ABC's Dana Hughes reports from Nairobi:
Ahead of his trip to Ghana tomorrow, President Obama has invited Africans across the continent to send him a text message with their questions and thoughts. The invitation is extended on the State Department’s America.gov Website, telling Africans “Those who respond early will receive SMS highlights from his speech in Accra, Ghana, on Saturday, July 11. “
The service is being offered in both English and in French and some Africa’s most populous countries have their own short codes.
Kenya, his father’s homeland is one of those countries. There are reports that the President has received thousands of text messages. So I decided to try to text the President myself, to see what would happen.
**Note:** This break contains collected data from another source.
definition main_sum :: "real \<Rightarrow> real \<Rightarrow> (nat \<Rightarrow> real) \<Rightarrow> (nat \<Rightarrow> real ^ 'n) \<Rightarrow> nat \<Rightarrow> (nat \<Rightarrow> real) \<Rightarrow> real" where
  "main_sum k0 kinf iota z J lam =
     (\<Sum>i=1..J. (\<Sum>j=1..J. Astar k0 kinf iota z i j * lam j powr Dexp CARD('n))\<^sup>2
                 * lam i powr (2 * Dexp CARD('n) - 2))"

end

theory Submission
  imports Defs
begin

(* Nothing about A^* beyond it being a real matrix is used (the signs, the positivity of
   k0, kinf and the distinctness of the points are irrelevant); only D >= 1 matters.
   Write L = lam_max and M for the sum of all |A i j|.
   Upper bound: the vector of row sums (A lam^D)_i has l1 norm at most M L^D, and
   lam_i^(2D-2) <= L^(2D-2).
   Lower bound: let I be the set of i with lam_i >= eps L, eps small in terms of delta_1.
   Then the tail sum of lam_i / L outside I is at most J eps, so the hypothesis at I gives
   |A_I lam^D_I| >= 3/4 delta_1 L^D; the columns outside I change the rows in I by at most
   M eps L^D, and on I the weight lam_i^(2D-2) is at least (eps L)^(2D-2).
   For lam_max2, the hypothesis at I = {m} with lam_m = L reads
   delta_1 <= sum of lam_i / L over i <> m, which is at most (J - 1) lam_max2 / L. *)

lemma min_le_second_largest:
  fixes xs :: "'a::linorder list"
  assumes i: "i < length xs" and j: "j < length xs" and ij: "i \<noteq> j"
  shows "min (xs ! i) (xs ! j) \<le> rev (sort xs) ! 1"
proof (rule ccontr)
  define n where "n = length xs"
  define s where "s = sort xs"
  define t where "t = s ! (n - 2)"
  have n2: "2 \<le> n" using i j ij unfolding n_def by linarith
  have second: "rev s ! 1 = t"
    using n2 by (simp add: s_def t_def n_def rev_nth numeral_2_eq_2)
  assume "\<not> min (xs ! i) (xs ! j) \<le> rev (sort xs) ! 1"
  then have "t < xs ! i" "t < xs ! j" using second s_def by (simp_all add: not_le)
  then have "{i, j} \<subseteq> {k. k < n \<and> t < xs ! k}" using i j n_def by auto
  then have "2 \<le> length (filter ((<) t) xs)"
    using ij by (metis (no_types) card_2_iff card_mono finite_Collect_conjI finite_Collect_less_nat
        length_filter_conv_card n_def)
  also have "length (filter ((<) t) xs) = length (filter ((<) t) s)"
    by (metis mset_filter mset_sort s_def size_mset)
  also have "\<dots> \<le> card {n - 1}"
  proof -
    have "{k. k < n \<and> t < s ! k} \<subseteq> {n - 1}"
    proof
      fix k assume k: "k \<in> {k. k < n \<and> t < s ! k}"
      have "n - 2 < length s" using n2 by (simp add: s_def n_def)
      then have "\<not> k \<le> n - 2"
        using k sorted_nth_mono[of s k "n - 2"] by (auto simp: s_def t_def)
      then show "k \<in> {n - 1}" using k by auto
    qed
    then have "card {k. k < n \<and> t < s ! k} \<le> card {n - 1}" by (rule card_mono[rotated]) simp
    then show ?thesis by (simp add: length_filter_conv_card s_def n_def)
  qed
  finally show False by simp
qed

lemma L2_set_row_sums_le:
  fixes A :: "'a \<Rightarrow> 'b \<Rightarrow> real"
  assumes lam: "\<forall>j\<in>T. 0 \<le> lam j \<and> lam j \<le> b" and D: "0 \<le> D"
  shows "L2_set (\<lambda>i. \<Sum>j\<in>T. A i j * lam j powr D) I \<le> (\<Sum>i\<in>I. \<Sum>j\<in>T. \<bar>A i j\<bar>) * b powr D"
proof -
  have row: "\<bar>\<Sum>j\<in>T. A i j * lam j powr D\<bar> \<le> (\<Sum>j\<in>T. \<bar>A i j\<bar>) * b powr D" for i
  proof -
    have "\<bar>\<Sum>j\<in>T. A i j * lam j powr D\<bar> \<le> (\<Sum>j\<in>T. \<bar>A i j\<bar> * lam j powr D)"
      by (rule order_trans[OF sum_abs]) (simp add: abs_mult)
    also have "\<dots> \<le> (\<Sum>j\<in>T. \<bar>A i j\<bar> * b powr D)"
      using lam D by (intro sum_mono mult_left_mono powr_mono2) auto
    finally show ?thesis by (simp add: sum_distrib_right)
  qed
  have "L2_set (\<lambda>i. \<Sum>j\<in>T. A i j * lam j powr D) I \<le> (\<Sum>i\<in>I. \<bar>\<Sum>j\<in>T. A i j * lam j powr D\<bar>)"
    by (rule L2_set_le_sum_abs)
  also have "\<dots> \<le> (\<Sum>i\<in>I. (\<Sum>j\<in>T. \<bar>A i j\<bar>) * b powr D)"
    by (intro sum_mono row)
  finally show ?thesis by (simp add: sum_distrib_right)
qed

lemma L2_set_power2: "(L2_set f I)\<^sup>2 = (\<Sum>i\<in>I. (f i)\<^sup>2)"
  unfolding L2_set_def by (simp add: sum_nonneg)

lemma sum_sq_mult_powr_le:
  assumes "\<forall>i\<in>S. 0 \<le> lam i \<and> lam i \<le> b" and "0 \<le> E"
  shows "(\<Sum>i\<in>S. (u i)\<^sup>2 * lam i powr E) \<le> (L2_set u S)\<^sup>2 * b powr E"
proof -
  have "(\<Sum>i\<in>S. (u i)\<^sup>2 * lam i powr E) \<le> (\<Sum>i\<in>S. (u i)\<^sup>2 * b powr E)"
    using assms by (intro sum_mono mult_left_mono powr_mono2) auto
  then show ?thesis by (simp add: L2_set_power2 sum_distrib_right)
qed

lemma sum_sq_mult_powr_ge:
  assumes "finite S" "I \<subseteq> S" and "\<forall>i\<in>I. 0 \<le> b \<and> b \<le> lam i" and "0 \<le> E"
  shows "(L2_set u I)\<^sup>2 * b powr E \<le> (\<Sum>i\<in>S. (u i)\<^sup>2 * lam i powr E)"
proof -
  have "(L2_set u I)\<^sup>2 * b powr E = (\<Sum>i\<in>I. (u i)\<^sup>2 * b powr E)"
    by (simp add: L2_set_power2 sum_distrib_right)
  also have "\<dots> \<le> (\<Sum>i\<in>I. (u i)\<^sup>2 * lam i powr E)"
    using assms(3,4) by (intro sum_mono mult_left_mono powr_mono2) auto
  also have "\<dots> \<le> (\<Sum>i\<in>S. (u i)\<^sup>2 * lam i powr E)"
    using assms(1,2) by (intro sum_mono2) auto
  finally show ?thesis .
qed

lemma weighted_row_sums_upper_bound:
  fixes A :: "'a \<Rightarrow> 'a \<Rightarrow> real"
  assumes lam: "\<forall>i\<in>S. 0 \<le> lam i \<and> lam i \<le> L" and L: "0 < L" and D: "1 \<le> D"
  shows "(\<Sum>i\<in>S. (\<Sum>j\<in>S. A i j * lam j powr D)\<^sup>2 * lam i powr (2 * D - 2))
           \<le> (\<Sum>i\<in>S. \<Sum>j\<in>S. \<bar>A i j\<bar>)\<^sup>2 * L powr (4 * D - 2)"
proof -
  define M where "M = (\<Sum>i\<in>S. \<Sum>j\<in>S. \<bar>A i j\<bar>)"
  have rows: "L2_set (\<lambda>i. \<Sum>j\<in>S. A i j * lam j powr D) S \<le> M * L powr D"
    unfolding M_def using lam D by (intro L2_set_row_sums_le) auto
  have "(\<Sum>i\<in>S. (\<Sum>j\<in>S. A i j * lam j powr D)\<^sup>2 * lam i powr (2 * D - 2))
          \<le> (L2_set (\<lambda>i. \<Sum>j\<in>S. A i j * lam j powr D) S)\<^sup>2 * L powr (2 * D - 2)"
    using lam D by (intro sum_sq_mult_powr_le) auto
  also have "\<dots> \<le> (M * L powr D)\<^sup>2 * L powr (2 * D - 2)"
    using rows by (intro mult_right_mono power_mono) auto
  also have "\<dots> = M\<^sup>2 * L powr (4 * D - 2)"
    using L by (simp add: power_mult_distrib powr_power powr_add[symmetric] algebra_simps)
  finally show ?thesis unfolding M_def .
qed

lemma L2_set_row_sums_drop_columns:
  fixes A :: "'a \<Rightarrow> 'a \<Rightarrow> real"
  assumes S: "finite S" and I: "I \<subseteq> S" and lam: "\<forall>j\<in>S - I. 0 \<le> lam j \<and> lam j \<le> b"
    and D: "0 \<le> D"
  shows "L2_set (\<lambda>i. \<Sum>j\<in>I. A i j * lam j powr D) I
           \<le> L2_set (\<lambda>i. \<Sum>j\<in>S. A i j * lam j powr D) I + (\<Sum>i\<in>S. \<Sum>j\<in>S. \<bar>A i j\<bar>) * b powr D"
proof -
  define u where "u = (\<lambda>i. \<Sum>j\<in>S. A i j * lam j powr D)"
  define w where "w = (\<lambda>i. \<Sum>j\<in>S - I. A i j * lam j powr D)"
  have "(\<Sum>j\<in>I. A i j * lam j powr D) = u i + - w i" for i
    using sum.subset_diff[OF I S, of "\<lambda>j. A i j * lam j powr D"] unfolding u_def w_def by linarith
  then have "L2_set (\<lambda>i. \<Sum>j\<in>I. A i j * lam j powr D) I \<le> L2_set u I + L2_set w I"
    using L2_set_triangle_ineq[of u "\<lambda>i. - w i" I] by (simp add: L2_set_def)
  also have "L2_set w I \<le> (\<Sum>i\<in>I. \<Sum>j\<in>S - I. \<bar>A i j\<bar>) * b powr D"
    unfolding w_def using lam D by (rule L2_set_row_sums_le)
  also have "\<dots> \<le> (\<Sum>i\<in>S. \<Sum>j\<in>S. \<bar>A i j\<bar>) * b powr D"
    using S I by (intro mult_right_mono order_trans[OF sum_mono[OF sum_mono2] sum_mono2])
      (auto intro: sum_nonneg)
  finally show ?thesis unfolding u_def by simp
qed

lemma weighted_row_sums_lower_bound:
  fixes A :: "'a \<Rightarrow> 'a \<Rightarrow> real" and S :: "'a set" and d :: real
  defines "M \<equiv> \<Sum>i\<in>S. \<Sum>j\<in>S. \<bar>A i j\<bar>"
  defines "eps \<equiv> min 1 (d / (4 * (real (card S) + M)))"
  assumes S: "finite S" and m: "m \<in> S" "lam m = L"
    and lam: "\<forall>i\<in>S. 0 < lam i \<and> lam i \<le> L" and D: "1 \<le> D" and d: "0 < d"
    and cond: "\<And>I. I \<subseteq> S \<Longrightarrow> I \<noteq> {} \<Longrightarrow>
      d \<le> L2_set (\<lambda>i. \<Sum>j\<in>I. A i j * lam j powr D) I / L2_set (\<lambda>i. lam i powr D) I
           + (\<Sum>i\<in>S - I. lam i / L)"
  shows "d\<^sup>2 / 4 * eps powr (2 * D - 2) * L powr (4 * D - 2)
           \<le> (\<Sum>i\<in>S. (\<Sum>j\<in>S. A i j * lam j powr D)\<^sup>2 * lam i powr (2 * D - 2))"
proof -
  have L: "0 < L" using lam m by metis
  have M: "0 \<le> M" unfolding M_def by (intro sum_nonneg) auto
  have card: "0 < real (card S)" using S m card_gt_0_iff by fastforce
  have eps: "0 < eps" "eps \<le> 1" unfolding eps_def using d M card by auto
  have "eps * (4 * (real (card S) + M)) \<le> d"
    unfolding eps_def using M card by (simp add: min_def pos_le_divide_eq)
  moreover have "0 \<le> real (card S) * eps" "0 \<le> M * eps" using M eps by simp_all
  ultimately have card_eps: "real (card S) * eps \<le> d / 4" and M_eps: "M * eps \<le> d / 4"
    by (simp_all add: algebra_simps)
  define I where "I = {i \<in> S. eps * L \<le> lam i}"
  have I: "I \<subseteq> S" "m \<in> I" unfolding I_def using m eps L by auto
  define u where "u = (\<lambda>i. \<Sum>j\<in>S. A i j * lam j powr D)"
  define v where "v = (\<lambda>i. \<Sum>j\<in>I. A i j * lam j powr D)"
  define Y where "Y = L2_set (\<lambda>i. lam i powr D) I"
  have Y: "L powr D \<le> Y"
    unfolding Y_def using member_le_L2_set[OF finite_subset[OF I(1) S] I(2), of "\<lambda>i. lam i powr D"] m(2)
    by simp
  have Y_pos: "0 < Y" using order_less_le_trans[OF _ Y] L by simp
  have "(\<Sum>i\<in>S - I. lam i / L) \<le> (\<Sum>i\<in>S - I. eps)"
    using L by (intro sum_mono) (auto simp: I_def field_simps)
  also have "\<dots> \<le> real (card S) * eps"
    using S eps by (simp add: card_mono mult_right_mono)
  finally have "d \<le> L2_set v I / Y + d / 4"
    using cond[OF I(1)] I(2) card_eps unfolding v_def Y_def by fastforce
  then have "3 / 4 * d * Y \<le> L2_set v I"
    using Y_pos by (simp add: field_simps)
  moreover have "3 / 4 * d * L powr D \<le> 3 / 4 * d * Y"
    using Y d by simp
  moreover have "L2_set v I \<le> L2_set u I + M * (eps * L) powr D"
  proof -
    have "\<forall>j\<in>S - I. 0 \<le> lam j \<and> lam j \<le> eps * L" using lam by (auto simp: I_def)
    then show ?thesis
      using L2_set_row_sums_drop_columns[OF S I(1)] D unfolding u_def v_def M_def by simp
  qed
  moreover have "M * (eps * L) powr D \<le> d / 4 * L powr D"
  proof -
    have "eps powr D \<le> eps" using powr_mono'[OF D, of eps] eps by simp
    then have "M * (eps * L) powr D \<le> M * eps * L powr D"
      using M eps L by (simp add: powr_mult mult.assoc mult_left_mono)
    also have "\<dots> \<le> d / 4 * L powr D" using M_eps by (intro mult_right_mono) simp_all
    finally show ?thesis .
  qed
  ultimately have u_big: "d / 2 * L powr D \<le> L2_set u I" by linarith
  have "d\<^sup>2 / 4 * eps powr (2 * D - 2) * L powr (4 * D - 2) = (d / 2 * L powr D)\<^sup>2 * (eps * L) powr (2 * D - 2)"
    using L eps by (simp add: power_mult_distrib powr_power powr_mult powr_add[symmetric]
        power_divide algebra_simps)
  also have "\<dots> \<le> (L2_set u I)\<^sup>2 * (eps * L) powr (2 * D - 2)"
    using u_big d by (intro mult_right_mono power_mono) auto
  also have "\<dots> \<le> (\<Sum>i\<in>S. (u i)\<^sup>2 * lam i powr (2 * D - 2))"
    using S I(1) eps L D by (intro sum_sq_mult_powr_ge) (auto simp: I_def)
  finally show ?thesis unfolding u_def .
qed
I asked him what his take is on former U.N. chief Kofi Annan handing over a list of names, likely containing some of Kenya’s most prominent politicians, to be prosecuted by the International Criminal Court for their roles in last year’s post-election violence. “Thank you for your text message to President Obama,” the reply stated. “You are registered to receive speech updates. “ But it’s not only about having access to the speech; the White House has promised that President Obama will directly answer some of the texts and questions on local radio broadcasts throughout the continent.
I’ve talked to a few young Kenyans who’ve texted President Obama. Some asked questions, and other wanted to send well wishes. “We don’t expect him to have all the answers to Kenya’s problems,” says John, a college student. “ But we like that he’s trying to talk to us.”
To many Africans a text message is the cheapest and easiest way to communicate when not in person. Even in some of the most remote villages, someone has a cell phone. Politicians and businessmen often use text messaging for official business. The Obama administration choosing to use cell phone technology as a way to reach out to the African people, for many, is just more confirmation that he is “ one of their own.”